According to (Sattar, 2018), bacterial pneumonia can come in four different categories. Including community-acquired (CAP), hospital-acquired (HAP), healthcare-associated (HCAP), and ventilator-associated pneumonia (VAP). CAP, the most common of the four, occurs in a community setting outside of the hospital and is usually transmitted by breathing in bacteria that live in the mouth, nose, and throat. HAP develops within 48 hours of a hospital stay for another illness. VAP occurs in people that are on a ventilator to help them breath. As in HAP, pneumonia typically develops within 48 hours of intubation. HCAP deals with nonhospitalized patients that have previously had experience with the healthcare system. Such as, residence at long-term care facility, outpatient treatment, and hemodialysis treatment. These patients were thought to have been infected with multidrug-resistant (MDR) pathogens, making them a separate category from HAP (Sattar, 2018).

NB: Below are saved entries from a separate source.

(* Let $0<\mu<L_{\max}^{-1}$ with $L_{\max}=\max_i\|A_i\|_2^2$, and let $\{x^n\}$ be generated by GAITA (as in the context) from any $x^0\in\mathbf{R}^N$. Then for all $n\in\mathbf{N}$, $$T_\lambda(x^n)-T_\lambda(x^{n+1})\geq\frac12\Big(\frac1\mu-L_{\max}\Big)\|x^n-x^{n+1}\|_2^2.$$
   Context: Let $A\in\mathbf{R}^{m\times N}$ have columns $A_1,\dots,A_N$, $y\in\mathbf{R}^m$, $\lambda>0$, $q\in(0,1)$, and $T_\lambda(x)=\frac12\|Ax-y\|_2^2+\lambda\sum_{i=1}^N|x_i|^q$. For a step size $\mu>0$ set $\tau_{\mu,q}=\frac{2-q}{2-2q}(2\lambda\mu(1-q))^{\frac{1}{2-q}}$ and $\eta_{\mu,q}=(2\lambda\mu(1-q))^{\frac{1}{2-q}}$. For $z\in\mathbf{R}$ let $prox_{\mu,\lambda|\cdot|^q}(z)=\arg\min_{v\in\mathbf{R}}\{\frac{(z-v)^2}{2\mu}+\lambda|v|^q\}$ (a single point when $|z|\neq\tau_{\mu,q}$). Define $\mathcal{T}(z,w)$ as the unique element of $prox_{\mu,\lambda|\cdot|^q}(z)$ if $|z|\neq\tau_{\mu,q}$, and, if $|z|=\tau_{\mu,q}$, as $sgn(z)\eta_{\mu,q}$ when $w\neq0$ and $0$ when $w=0$ ($sgn(0)=0$). GAITA: given $x^0\in\mathbf{R}^N$, for $n=0,1,2,\dots$ let $i=(n\bmod N)+1$, $z_i^n=x_i^n-\mu A_i^T(Ax^n-y)$, $x_i^{n+1}=\mathcal{T}(z_i^n,x_i^n)$, $x_j^{n+1}=x_j^n$ for $j\neq i$. *)

theory Defs
  imports "HOL-Analysis.Analysis"
begin

text \<open>Vectors in R^N are represented as functions nat => real, using coordinates 0..<N
  (0-based). The m x N matrix A is a function nat => nat => real, entries A r c with
  r < m, c < N; column c is (lambda r. A r c).\<close>

definition resid :: "nat \<Rightarrow> nat \<Rightarrow> (nat \<Rightarrow> nat \<Rightarrow> real) \<Rightarrow> (nat \<Rightarrow> real) \<Rightarrow> (nat \<Rightarrow> real) \<Rightarrow> nat \<Rightarrow> real"
  where "resid m N A y x r = (\<Sum>c<N. A r c * x c) - y r"

definition Tlam :: "nat \<Rightarrow> nat \<Rightarrow> (nat \<Rightarrow> nat \<Rightarrow> real) \<Rightarrow> (nat \<Rightarrow> real) \<Rightarrow> real \<Rightarrow> real \<Rightarrow> (nat \<Rightarrow> real) \<Rightarrow> real"
  where "Tlam m N A y lam q x =
     (1/2) * (\<Sum>r<m. (resid m N A y x r)^2) + lam * (\<Sum>i<N. \<bar>x i\<bar> powr q)"

definition colnorm2 :: "nat \<Rightarrow> (nat \<Rightarrow> nat \<Rightarrow> real) \<Rightarrow> nat \<Rightarrow> real"
  where "colnorm2 m A i = (\<Sum>r<m. (A r i)^2)"

definition Lmax :: "nat \<Rightarrow> nat \<Rightarrow> (nat \<Rightarrow> nat \<Rightarrow> real) \<Rightarrow> real"
  where "Lmax m N A = Max ((\<lambda>i. colnorm2 m A i) ` {..<N})"

definition tau :: "real \<Rightarrow> real \<Rightarrow> real \<Rightarrow> real"
  where "tau lam mu q = (2 - q) / (2 - 2*q) * (2*lam*mu*(1-q)) powr (1/(2-q))"

definition eta :: "real \<Rightarrow> real \<Rightarrow> real \<Rightarrow> real"
  where "eta lam mu q = (2*lam*mu*(1-q)) powr (1/(2-q))"

definition proxq :: "real \<Rightarrow> real \<Rightarrow> real \<Rightarrow> real \<Rightarrow> real set"
  where "proxq mu lam q z =
     {v. \<forall>u. (z-v)^2/(2*mu) + lam * \<bar>v\<bar> powr q \<le> (z-u)^2/(2*mu) + lam * \<bar>u\<bar> powr q}"

definition Tmap :: "real \<Rightarrow> real \<Rightarrow> real \<Rightarrow> real \<Rightarrow> real \<Rightarrow> real"
  where "Tmap mu lam q z w =
     (if \<bar>z\<bar> \<noteq> tau lam mu q then (THE v. v \<in> proxq mu lam q z)
      else if w \<noteq> 0 then sgn z * eta lam mu q else 0)"

definition is_gaita :: "nat \<Rightarrow> nat \<Rightarrow> (nat \<Rightarrow> nat \<Rightarrow> real) \<Rightarrow> (nat \<Rightarrow> real) \<Rightarrow> real \<Rightarrow> real \<Rightarrow> real
    \<Rightarrow> (nat \<Rightarrow> nat \<Rightarrow> real) \<Rightarrow> bool"
  where "is_gaita m N A y lam q mu xs \<longleftrightarrow>
     (\<forall>n. let i = n mod N;
              z = xs n i - mu * (\<Sum>r<m. A r i * resid m N A y (xs n) r)
          in xs (Suc n) = (xs n)(i := Tmap mu lam q z (xs n i)))"

end

theory Submission
  imports Defs
begin

text \<open>Along the updated coordinate, T_lambda(x) - T_lambda(x') equals the decrease of the scalar
  proximal objective plus (1/2)(1/mu - ||A_i||^2) d^2, so it suffices that the thresholding map
  does not increase that objective. Since it is defined by THE for |z| \<noteq> tau, this needs the
  proximal set to be a singleton there: a positive minimiser v is stationary,
  z = v + lam mu q v^(q-1), and is no worse than 0 only if v \<ge> eta; on [eta, \<infinity>) the
  stationarity map is strictly increasing and sends eta to tau, the one input where 0 and eta tie.\<close>

definition prox_obj :: "real \<Rightarrow> real \<Rightarrow> real \<Rightarrow> real \<Rightarrow> real \<Rightarrow> real" where
  "prox_obj mu lam q z v = (z - v)^2 / (2*mu) + lam * \<bar>v\<bar> powr q"

lemma proxq_iff_minimal:
  "v \<in> proxq mu lam q z \<longleftrightarrow> (\<forall>u. prox_obj mu lam q z v \<le> prox_obj mu lam q z u)"
  by (simp add: proxq_def prox_obj_def)

lemma prox_obj_uminus: "prox_obj mu lam q (- z) (- v) = prox_obj mu lam q z v"
  by (simp add: prox_obj_def power2_eq_square algebra_simps)

lemma proxq_uminus: "- v \<in> proxq mu lam q (- z) \<longleftrightarrow> v \<in> proxq mu lam q z"
  unfolding proxq_iff_minimal by (metis prox_obj_uminus minus_minus)

lemma proxq_nonempty:
  assumes "0 < mu" "0 < lam" "0 < q"
  shows "\<exists>v. v \<in> proxq mu lam q z"
proof -
  let ?S = "cball (0::real) (2 * \<bar>z\<bar>)"
  have powr_cont: "continuous_on ?S (\<lambda>v. \<bar>v\<bar> powr q)"
    by (rule continuous_on_powr') (use assms in \<open>auto intro!: continuous_intros\<close>)
  have "continuous_on ?S (prox_obj mu lam q z)"
    unfolding prox_obj_def by (intro continuous_intros powr_cont) (use assms in auto)
  then obtain v where v: "\<forall>u\<in>?S. prox_obj mu lam q z v \<le> prox_obj mu lam q z u"
    using continuous_attains_inf[of ?S] by auto
  have "prox_obj mu lam q z v \<le> prox_obj mu lam q z u" for u
  proof (cases "u \<in> ?S")
    case False
    then have "2 * \<bar>z\<bar> < \<bar>u\<bar>" by simp
    then have "0 \<le> u * (u - 2*z)"
      by (cases "0 \<le> u") (auto intro: mult_nonpos_nonpos)
    then have "z^2 \<le> (z - u)^2" by (simp add: power2_eq_square algebra_simps)
    moreover have "0 \<le> lam * \<bar>u\<bar> powr q" using assms by simp
    ultimately have "prox_obj mu lam q z 0 \<le> prox_obj mu lam q z u"
      using assms by (simp add: prox_obj_def add_increasing2 divide_right_mono)
    moreover have "prox_obj mu lam q z v \<le> prox_obj mu lam q z 0" using v by simp
    ultimately show ?thesis by linarith
  qed (use v in blast)
  then show ?thesis unfolding proxq_iff_minimal by blast
qed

The most common pneumonia causing bacteria is streptococcus pneumoniae, also known as pneumococcus bacteria (Pneumonia n.d.) The bacteria can be spread through coughing, sneezing, and close contact with an infected person. When they are inhaled by the victim and being to multiply in the lungs, specifically the alveoli. This in turn triggers the bodies natural inflammatory response. In an effort to kick out these foreign invaders, the immune system will send out white blood cells to the infected areas. When the white blood cells reach the area, they release a substance that causes vasodilation of local blood vessels causing more fluid to build up and congestion in the alveoli. The inflammatory response causes a mixture of cells, bacteria, and fluids to accumulate in the air sacs, this is what causes the signs and symptoms of pneumonia that we will discuss later.

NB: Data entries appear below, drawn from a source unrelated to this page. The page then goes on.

(* Let $n\ge1$, $1\le q,q_1,q_2\le\infty$ and $s,s_1,s_2\in\mathbb{R}$. If $\mathbb{L}(q_1,s_1)\ast\mathbb{L}(q_2,s_2)\subset\mathbb{L}(q,s)$, then $l(q_1,s_1)\ast l(q_2,s_2)\subset l(q,s)$.
   Context: For $1\le p\le\infty$, $s\in\mathbb{R}$: $\mathbb{L}(p,s)$ is the space of measurable $f$ on $\mathbb{R}^n$ with $\|f\|_{\mathbb{L}(p,s)}=\big(\int|f(x)|^p|x|^{ps}dx\big)^{1/p}<\infty$ (ess sup of $|f(x)||x|^s$ if $p=\infty$); $l(p,s)$ is the space of $a:\mathbb{Z}^n\to\mathbb{C}$ with $\|a\|_{l(p,s)}=\big(\sum_k|a(k)|^p\langle k\rangle^{ps}\big)^{1/p}<\infty$ (sup of $|a(k)|\langle k\rangle^s$ if $p=\infty$), $\langle k\rangle=(1+|k|^2)^{1/2}$. Convolutions: $(f\ast g)(x)=\int f(x-y)g(y)dy$ on $\mathbb{R}^n$ and $(a\ast b)(k)=\sum_j a(k-j)b(j)$ on $\mathbb{Z}^n$. "$X\ast Y\subset Z$" means there is $C$ with $f\ast g\in Z$ and $\|f\ast g\|_Z\le C\|f\|_X\|g\|_Y$ for all $f\in X$, $g\in Y$. *)

theory Defs
  imports "HOL-Analysis.Analysis" "HOL-Probability.Essential_Supremum"
begin

text \<open>Exponents p with 1 \<le> p \<le> \<infinity> are represented as extended reals.
  R^n is real^'n, Z^n is int^'n, for a finite index type 'n (n = CARD('n) \<ge> 1).\<close>

definition Lw_integrand :: "ereal \<Rightarrow> real \<Rightarrow> (real^'n \<Rightarrow> complex) \<Rightarrow> real^'n \<Rightarrow> ennreal" where
  "Lw_integrand p s f x = ennreal (cmod (f x) powr real_of_ereal p * norm x powr (real_of_ereal p * s))"

definition Lw_sup :: "real \<Rightarrow> (real^'n \<Rightarrow> complex) \<Rightarrow> ereal" where
  "Lw_sup s f = esssup lebesgue (\<lambda>x. ereal (cmod (f x) * norm x powr s))"

definition in_Lw :: "ereal \<Rightarrow> real \<Rightarrow> (real^'n \<Rightarrow> complex) \<Rightarrow> bool" where
  "in_Lw p s f \<longleftrightarrow> f \<in> borel_measurable lebesgue \<and>
     (if p = \<infinity> then Lw_sup s f < \<infinity>
      else (\<integral>\<^sup>+ x. Lw_integrand p s f x \<partial>lebesgue) < \<infinity>)"

definition Lw_norm :: "ereal \<Rightarrow> real \<Rightarrow> (real^'n \<Rightarrow> complex) \<Rightarrow> real" where
  "Lw_norm p s f = (if p = \<infinity> then real_of_ereal (Lw_sup s f)
     else (enn2real (\<integral>\<^sup>+ x. Lw_integrand p s f x \<partial>lebesgue)) powr (1 / real_of_ereal p))"

definition convR :: "(real^'n \<Rightarrow> complex) \<Rightarrow> (real^'n \<Rightarrow> complex) \<Rightarrow> real^'n \<Rightarrow> complex" where
  "convR f g x = (LINT y|lebesgue. f (x - y) * g y)"

definition convR_defined :: "(real^'n \<Rightarrow> complex) \<Rightarrow> (real^'n \<Rightarrow> complex) \<Rightarrow> bool" where
  "convR_defined f g \<longleftrightarrow> (AE x in lebesgue. integrable lebesgue (\<lambda>y. f (x - y) * g y))"

definition convR_incl :: "'n::finite itself \<Rightarrow> ereal \<Rightarrow> real \<Rightarrow> ereal \<Rightarrow> real \<Rightarrow> ereal \<Rightarrow> real \<Rightarrow> bool" where
  "convR_incl _ p1 s1 p2 s2 p s \<longleftrightarrow> (\<exists>C. \<forall>(f::real^'n \<Rightarrow> complex) g.
     in_Lw p1 s1 f \<longrightarrow> in_Lw p2 s2 g \<longrightarrow>
       convR_defined f g \<and> in_Lw p s (convR f g) \<and>
       Lw_norm p s (convR f g) \<le> C * Lw_norm p1 s1 f * Lw_norm p2 s2 g)"

definition jbr :: "int^'n \<Rightarrow> real" where
  "jbr k = sqrt (1 + (\<Sum>i\<in>UNIV. (real_of_int (k $ i))\<^sup>2))"

definition lw_term :: "ereal \<Rightarrow> real \<Rightarrow> (int^'n \<Rightarrow> complex) \<Rightarrow> int^'n \<Rightarrow> real" where
  "lw_term p s a k = cmod (a k) powr real_of_ereal p * jbr k powr (real_of_ereal p * s)"

definition lw_sup :: "real \<Rightarrow> (int^'n \<Rightarrow> complex) \<Rightarrow> ereal" where
  "lw_sup s a = (SUP k. ereal (cmod (a k) * jbr k powr s))"

definition in_lw :: "ereal \<Rightarrow> real \<Rightarrow> (int^'n \<Rightarrow> complex) \<Rightarrow> bool" where
  "in_lw p s a \<longleftrightarrow> (if p = \<infinity> then lw_sup s a < \<infinity> else lw_term p s a summable_on UNIV)"

definition lw_norm :: "ereal \<Rightarrow> real \<Rightarrow> (int^'n \<Rightarrow> complex) \<Rightarrow> real" where
  "lw_norm p s a = (if p = \<infinity> then real_of_ereal (lw_sup s a)
     else (infsum (lw_term p s a) UNIV) powr (1 / real_of_ereal p))"

definition convZ :: "(int^'n \<Rightarrow> complex) \<Rightarrow> (int^'n \<Rightarrow> complex) \<Rightarrow> int^'n \<Rightarrow> complex" where
  "convZ a b k = infsum (\<lambda>j. a (k - j) * b j) UNIV"

definition convZ_defined :: "(int^'n \<Rightarrow> complex) \<Rightarrow> (int^'n \<Rightarrow> complex) \<Rightarrow> bool" where
  "convZ_defined a b \<longleftrightarrow> (\<forall>k. (\<lambda>j. a (k - j) * b j) summable_on UNIV)"

definition convZ_incl :: "'n::finite itself \<Rightarrow> ereal \<Rightarrow> real \<Rightarrow> ereal \<Rightarrow> real \<Rightarrow> ereal \<Rightarrow> real \<Rightarrow> bool" where
  "convZ_incl _ p1 s1 p2 s2 p s \<longleftrightarrow> (\<exists>C. \<forall>(a::int^'n \<Rightarrow> complex) b.
     in_lw p1 s1 a \<longrightarrow> in_lw p2 s2 b \<longrightarrow>
       convZ_defined a b \<and> in_lw p s (convZ a b) \<and>
       lw_norm p s (convZ a b) \<le> C * lw_norm p1 s1 a * lw_norm p2 s2 b)"

end

theory Submission
  imports Defs
begin

text \<open>Transplant a sequence a on Z^n to R^n as the sum of bumps a(k) 1_B(c_k, 1/4) around the
  points c_k = 3k + e of a dilated, shifted lattice. On these balls |x| is comparable with <k>, so
  the L(p,s) norm of the bump sum is at most a constant times the l(p,s) norm of a. Since
  c_k + c_j = 3(k + j) + 2e, near 3m + 2e the continuous convolution of two bump sums is the discrete
  convolution (a * b)(m) times the volume of the overlap of two balls, which is bounded below.
  So the continuous inequality yields the discrete one for finitely supported sequences; truncating
  |a| and |b| to boxes and passing to the limit (Fatou's lemma in l(q,s)) removes finiteness.\<close>

section \<open>Lattice centres\<close>

definition of_int_vec :: "int^'n \<Rightarrow> real^'n" where
  "of_int_vec k = (\<chi> i. real_of_int (k $ i))"

lemma of_int_vec_diff: "of_int_vec (k - j) = of_int_vec k - of_int_vec j"
  by (simp add: of_int_vec_def vec_eq_iff)

lemma norm_of_int_vec_ge_1:
  assumes "k \<noteq> 0"
  shows "1 \<le> norm (of_int_vec k)"
proof -
  obtain i where "k $ i \<noteq> 0" using assms by (auto simp: vec_eq_iff)
  hence "1 \<le> \<bar>real_of_int (k $ i)\<bar>" by linarith
  also have "\<dots> = \<bar>of_int_vec k $ i\<bar>" by (simp add: of_int_vec_def)
  also have "\<dots> \<le> norm (of_int_vec k)" by (rule component_le_norm_cart)
  finally show ?thesis .
qed

lemma jbr_eq_norm: "jbr k = sqrt (1 + (norm (of_int_vec k))\<^sup>2)"
  by (simp add: jbr_def norm_vec_def L2_set_def of_int_vec_def sum_nonneg)

lemma jbr_ge_1: "1 \<le> jbr k"
  by (simp add: jbr_eq_norm)

lemma jbr_pos: "0 < jbr k"
  using jbr_ge_1[of k] by linarith

lemma norm_of_int_vec_le_jbr: "norm (of_int_vec k) \<le> jbr k"
  by (simp add: jbr_eq_norm real_le_rsqrt)

lemma jbr_le_1_plus_norm: "jbr k \<le> 1 + norm (of_int_vec k)"
proof -
  have "1 + (norm (of_int_vec k))\<^sup>2 \<le> (1 + norm (of_int_vec k))\<^sup>2"
    by (simp add: power2_eq_square algebra_simps)
  thus ?thesis by (simp add: jbr_eq_norm real_le_lsqrt)
qed

text \<open>The lattice points are spread out by the factor 3 so that small balls around distinct
  centres are disjoint, and shifted along a coordinate axis (any fixed index will do) so that
  these balls stay at distance \<open>\<ge> 1/2\<close> from the origin, where the weight \<open>|x|^s\<close> degenerates.
  Centres with offset 1 carry the bumps; their sums are the centres with offset 2.\<close>

definition lattice_centre :: "real \<Rightarrow> int^'n \<Rightarrow> real^'n" where
  "lattice_centre w k = 3 *\<^sub>R of_int_vec k + w *\<^sub>R axis undefined 1"

lemma lattice_centre_add: "lattice_centre 1 k + lattice_centre 1 j = lattice_centre 2 (k + j)"
  by (simp add: lattice_centre_def of_int_vec_def axis_def vec_eq_iff)

lemma lattice_centre_eq_if_dist_less:
  assumes "dist (lattice_centre w k) (lattice_centre w k') < 3"
  shows "k = k'"
proof (rule ccontr)
  assume "k \<noteq> k'"
  hence "1 \<le> norm (of_int_vec (k - k'))" by (intro norm_of_int_vec_ge_1) auto
  moreover have "dist (lattice_centre w k) (lattice_centre w k') = 3 * norm (of_int_vec (k - k'))"
    by (simp add: lattice_centre_def dist_norm of_int_vec_diff algebra_simps
        flip: scaleR_diff_right)
  ultimately show False using assms by linarith
qed

lemma lattice_centre_balls_disjoint:
  assumes "x \<in> ball (lattice_centre w k) r" "x \<in> ball (lattice_centre w k') r" "r \<le> 3/2"
  shows "k = k'"
  using assms dist_triangle[of "lattice_centre w k" "lattice_centre w k'" x]
  by (intro lattice_centre_eq_if_dist_less[of w]) (auto simp: dist_commute)

lemma norm_near_lattice_centre:
  assumes w: "w = 1 \<or> w = 2" and x: "dist x (lattice_centre w k) < 1/2"
  shows "jbr k / 8 \<le> norm x \<and> norm x \<le> 6 * jbr k"
proof -
  let ?i = "undefined :: 'n" and ?c = "lattice_centre w k"
  have ci: "?c $ ?i = 3 * real_of_int (k $ ?i) + w"
    by (simp add: lattice_centre_def of_int_vec_def axis_def)
  have "1 \<le> \<bar>3 * real_of_int (k $ ?i) + w\<bar>"
    using w by (cases "k $ ?i \<ge> 0") auto
  moreover have "\<bar>(x - ?c) $ ?i\<bar> < 1/2"
    using x component_le_norm_cart[of "x - ?c" ?i] by (simp add: dist_norm)
  ultimately have "1/2 \<le> \<bar>x $ ?i\<bar>" using ci by (simp, smt (verit))
  hence lower: "1/2 \<le> norm x" using component_le_norm_cart[of x ?i] by simp
  have "norm (w *\<^sub>R axis ?i (1::real)) \<le> 2" using w by auto
  hence "norm ?c \<le> 3 * norm (of_int_vec k) + 2" "3 * norm (of_int_vec k) - 2 \<le> norm ?c"
    unfolding lattice_centre_def
    using norm_triangle_ineq[of "3 *\<^sub>R of_int_vec k" "w *\<^sub>R axis ?i 1"]
      norm_diff_ineq[of "3 *\<^sub>R of_int_vec k" "w *\<^sub>R axis ?i 1"] by auto
  moreover have "norm x \<le> norm ?c + 1/2" "norm ?c - 1/2 \<le> norm x"
    using x norm_triangle_ineq2[of x ?c] norm_triangle_ineq3[of x ?c]
    by (auto simp: dist_norm norm_minus_commute)
  ultimately show ?thesis
    using lower jbr_le_1_plus_norm[of k] norm_of_int_vec_le_jbr[of k] jbr_ge_1[of k] by auto
qed

lemma powr_le_if_ratio_bounded:
  fixes c \<rho> t :: real
  assumes "1 \<le> c" "1/c \<le> \<rho>" "\<rho> \<le> c"
  shows "c powr (-\<bar>t\<bar>) \<le> \<rho> powr t \<and> \<rho> powr t \<le> c powr \<bar>t\<bar>"
proof -
  have "0 < \<rho>" using assms by (smt (verit) divide_pos_pos)
  have "ln (1/c) \<le> ln \<rho>" "ln \<rho> \<le> ln c" using assms \<open>0 < \<rho>\<close> by (simp_all del: ln_div)
  moreover have "ln (1/c) = - ln c" using assms by (simp add: ln_div)
  ultimately have "\<bar>t * ln \<rho>\<bar> \<le> \<bar>t\<bar> * ln c" by (simp add: abs_mult mult_left_mono)
  hence "- \<bar>t\<bar> * ln c \<le> t * ln \<rho> \<and> t * ln \<rho> \<le> \<bar>t\<bar> * ln c" by auto
  thus ?thesis using \<open>0 < \<rho>\<close> assms by (simp add: powr_def)
qed

lemma norm_powr_near_lattice_centre:
  assumes "w = 1 \<or> w = 2" and "dist x (lattice_centre w k) < 1/2"
  shows "48 powr (-\<bar>t\<bar>) * jbr k powr t \<le> norm x powr t
    \<and> norm x powr t \<le> 48 powr \<bar>t\<bar> * jbr k powr t"
proof -
  define \<rho> where "\<rho> = norm x / jbr k"
  have "1/48 \<le> \<rho>" "\<rho> \<le> 48"
    using norm_near_lattice_centre[OF assms] jbr_pos[of k] by (auto simp: \<rho>_def field_simps)
  note bounds = powr_le_if_ratio_bounded[OF _ this, of t]
  have "norm x powr t = jbr k powr t * \<rho> powr t"
    using jbr_pos[of k] \<open>1/48 \<le> \<rho>\<close> by (simp add: \<rho>_def powr_divide)
  thus ?thesis using bounds jbr_pos[of k] by (simp add: mult.commute)
qed

section \<open>Weighted sequence spaces\<close>

lemma real_of_ereal_ge_1: "1 \<le> p \<Longrightarrow> p \<noteq> \<infinity> \<Longrightarrow> 1 \<le> real_of_ereal p"
  by (cases p) auto

lemma lw_term_nonneg: "0 \<le> lw_term p t a k"
  by (simp add: lw_term_def)

lemma lw_term_eq_powr:
  "0 < real_of_ereal p \<Longrightarrow> lw_term p t a k = (cmod (a k) * jbr k powr t) powr real_of_ereal p"
  using jbr_pos[of k] by (simp add: lw_term_def powr_mult powr_powr mult.commute)

lemma lw_sup_nonneg: "0 \<le> lw_sup t a"
  unfolding lw_sup_def by (rule order_trans[OF _ SUP_upper[of 0]]) auto

lemma lw_norm_nonneg: "0 \<le> lw_norm p t a"
  using lw_sup_nonneg[of t a]
  by (cases "lw_sup t a") (auto simp: lw_norm_def)

lemma lw_norm_finite_eq:
  "p \<noteq> \<infinity> \<Longrightarrow> 0 < real_of_ereal p
    \<Longrightarrow> lw_norm p t a powr real_of_ereal p = infsum (lw_term p t a) UNIV"
  by (simp add: lw_norm_def powr_powr infsum_nonneg lw_term_nonneg)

Although, anyone is capable of contracting bacterial pneumonia there is a more vulnerable group who are at a higher risk. Infants, two years or younger, because their immune systems are still developing and older adults who are 65 years old or older due to normal changes in the immune system because of the natural aging process (Pneumonia n.d.). Immunocompromised people such as people with HIV/AIDS are also at a higher risk because of weakened immune systems. People with pre-existing medical conditions such as, chronic obstructive pulmonary disease (COPD) and cystic fibrosis have an increased chance of developing bacterial pneumonia. Long term smokers and excessive alcohol drinkers will also be at a higher risk, as well as those exposed to environmental factors including; pollutants, chemicals, and toxins (Pneumonia n.d.).

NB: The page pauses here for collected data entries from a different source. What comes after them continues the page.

lemma T'_v: "T' v = T p"
  unfolding T'_eq by simp

lemma T'_p: "T' p = Some v"
  unfolding T'_eq using v_neq_p by simp

lemma T'_moved: "moved x \<Longrightarrow> T' x = Some p"
  unfolding T'_eq using moved_neq by simp

lemma v_in_V: "v \<in> V" and p_in_V: "p \<in> V"
  using rooted_tree_parent_in[OF rooted parent_v] by auto

lemma v_in_desc_p: "v \<in> desc T p"
  using parent_v by (simp add: mem_desc_iff r_into_rtranclp)

lemma parent_p_notin_desc_p: "T p = Some q \<Longrightarrow> q \<notin> desc T p"
  using acyclic[of p] by (auto simp: mem_desc_iff intro: rtranclp_into_tranclp2)

lemma T'_outside:
  assumes "x \<notin> desc T p"
  shows "T' x = T x"
proof -
  have "x \<noteq> v" "x \<noteq> p"
    using assms v_in_desc_p desc_refl[of p T] by auto
  moreover have "\<not> moved x"
  proof
    assume "moved x"
    then have "x \<in> desc T v"
      using desc_parent desc_refl unfolding moved_def by metis
    then show False
      using assms v_in_desc_p desc_trans by metis
  qed
  ultimately show ?thesis
    unfolding T'_eq by simp
qed

lemma T'_ancestor_v: "(parent_rel T)\<^sup>*\<^sup>* a p \<Longrightarrow> (parent_rel T')\<^sup>*\<^sup>* a v"
proof (induction rule: converse_rtranclp_induct)
  case base
  then show ?case using T'_p by (simp add: r_into_rtranclp)
next
  case (step a a1)
  consider "T' a = T a" | "a = v" | "a = p" | "moved a"
    using T'_cases by blast
  then show ?case
  proof cases
    case 1
    then show ?thesis using step by (simp add: converse_rtranclp_into_rtranclp)
  next
    case 2
    then show ?thesis by simp
  next
    case 3
    then show ?thesis using T'_p by (simp add: r_into_rtranclp)
  next
    case 4
    then show ?thesis using T'_moved T'_p by (meson converse_rtranclp_into_rtranclp r_into_rtranclp)
  qed
qed

lemma T'_ancestor_outside:
  assumes "(parent_rel T)\<^sup>*\<^sup>* x b" "x \<notin> desc T p"
  shows "(parent_rel T')\<^sup>*\<^sup>* x b"
proof (rule ancestor_path_transfer[OF assms(1)])
  fix y
  assume "(parent_rel T)\<^sup>*\<^sup>* x y"
  then have "y \<notin> desc T p"
    using assms(2) desc_trans by (fastforce simp: mem_desc_iff)
  then show "T' y = T y"
    by (rule T'_outside)
qed

lemma vertical_through_p:
  assumes "(parent_rel T)\<^sup>*\<^sup>* a p" "(parent_rel T)\<^sup>+\<^sup>+ p b"
  shows "(parent_rel T')\<^sup>*\<^sup>* a b"
proof -
  obtain q where q: "T p = Some q" "(parent_rel T)\<^sup>*\<^sup>* q b"
    using assms(2) by (blast dest: tranclpD)
  have "(parent_rel T')\<^sup>*\<^sup>* q b"
    using T'_ancestor_outside q(2) parent_p_notin_desc_p[OF q(1)] .
  moreover have "T' v = Some q"
    using T'_v q(1) by simp
  ultimately show ?thesis
    using T'_ancestor_v[OF assms(1)] by (meson rtranclp.rtrancl_into_rtrancl rtranclp_trans)
qed

lemma T'_root_exists: "\<exists>r\<in>V. T' r = None \<and> (\<forall>x\<in>V. (parent_rel T')\<^sup>*\<^sup>* x r)"
proof -
  obtain r where r: "r \<in> V" "T r = None" "\<forall>x\<in>V. (parent_rel T)\<^sup>*\<^sup>* x r"
    using rooted unfolding rooted_tree_def by blast
  show ?thesis
  proof (cases "p = r")
    case True
    then have "\<forall>x\<in>V. (parent_rel T')\<^sup>*\<^sup>* x v"
      using r T'_ancestor_v by blast
    then show ?thesis
      using T'_v True r(2) v_in_V by auto
  next
    case False
    then have p_r: "(parent_rel T)\<^sup>+\<^sup>+ p r"
      using r(3) p_in_V by (blast dest: rtranclpD)
    have "r \<noteq> v" "\<not> moved r"
      using r(2) parent_v unfolding moved_def by auto
    then have "T' r = None"
      using r(2) False unfolding T'_eq by simp
    moreover have "(parent_rel T')\<^sup>*\<^sup>* x r" if "x \<in> V" for x
    proof (cases "x \<in> desc T p")
      case True
      then show ?thesis
        using vertical_through_p p_r by (simp add: mem_desc_iff)
    next
      case False
      then show ?thesis
        using r(3) that by (blast intro: T'_ancestor_outside)
    qed
    ultimately show ?thesis
      using r(1) by blast
  qed
qed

Some of the well-known signs and symptoms of bacterial pneumonia are as follows: increased fever, excess sweating and clammy skin, chest pain when breathing or coughing, severe fatigue, cough with yellow or brownish sputum (that doesn’t go away or get better), shortness of breath during routine daily activities, and feeling worse after recently having a cold or flu (Pneumonia – adults (community acquired): MedlinePlus Medical Encyclopedia n.d.). You may also hear crackles upon auscultation of the lungs. Duration and severity vary based on the strength of the bacteria and how quickly you are diagnosed and treated. Signs and symptoms may also change in certain special populations such as, infants and older adults. Infants may not show signs of infection and in older adults with a preexisting illness or weakened immune system may present with milder and fewer symptoms (Pneumonia n.d.). In some cases, symptoms may progress causing respiratory failure, sepsis, multiorgan failure, and exacerbation of preexisting conditions (Sattar, 2018).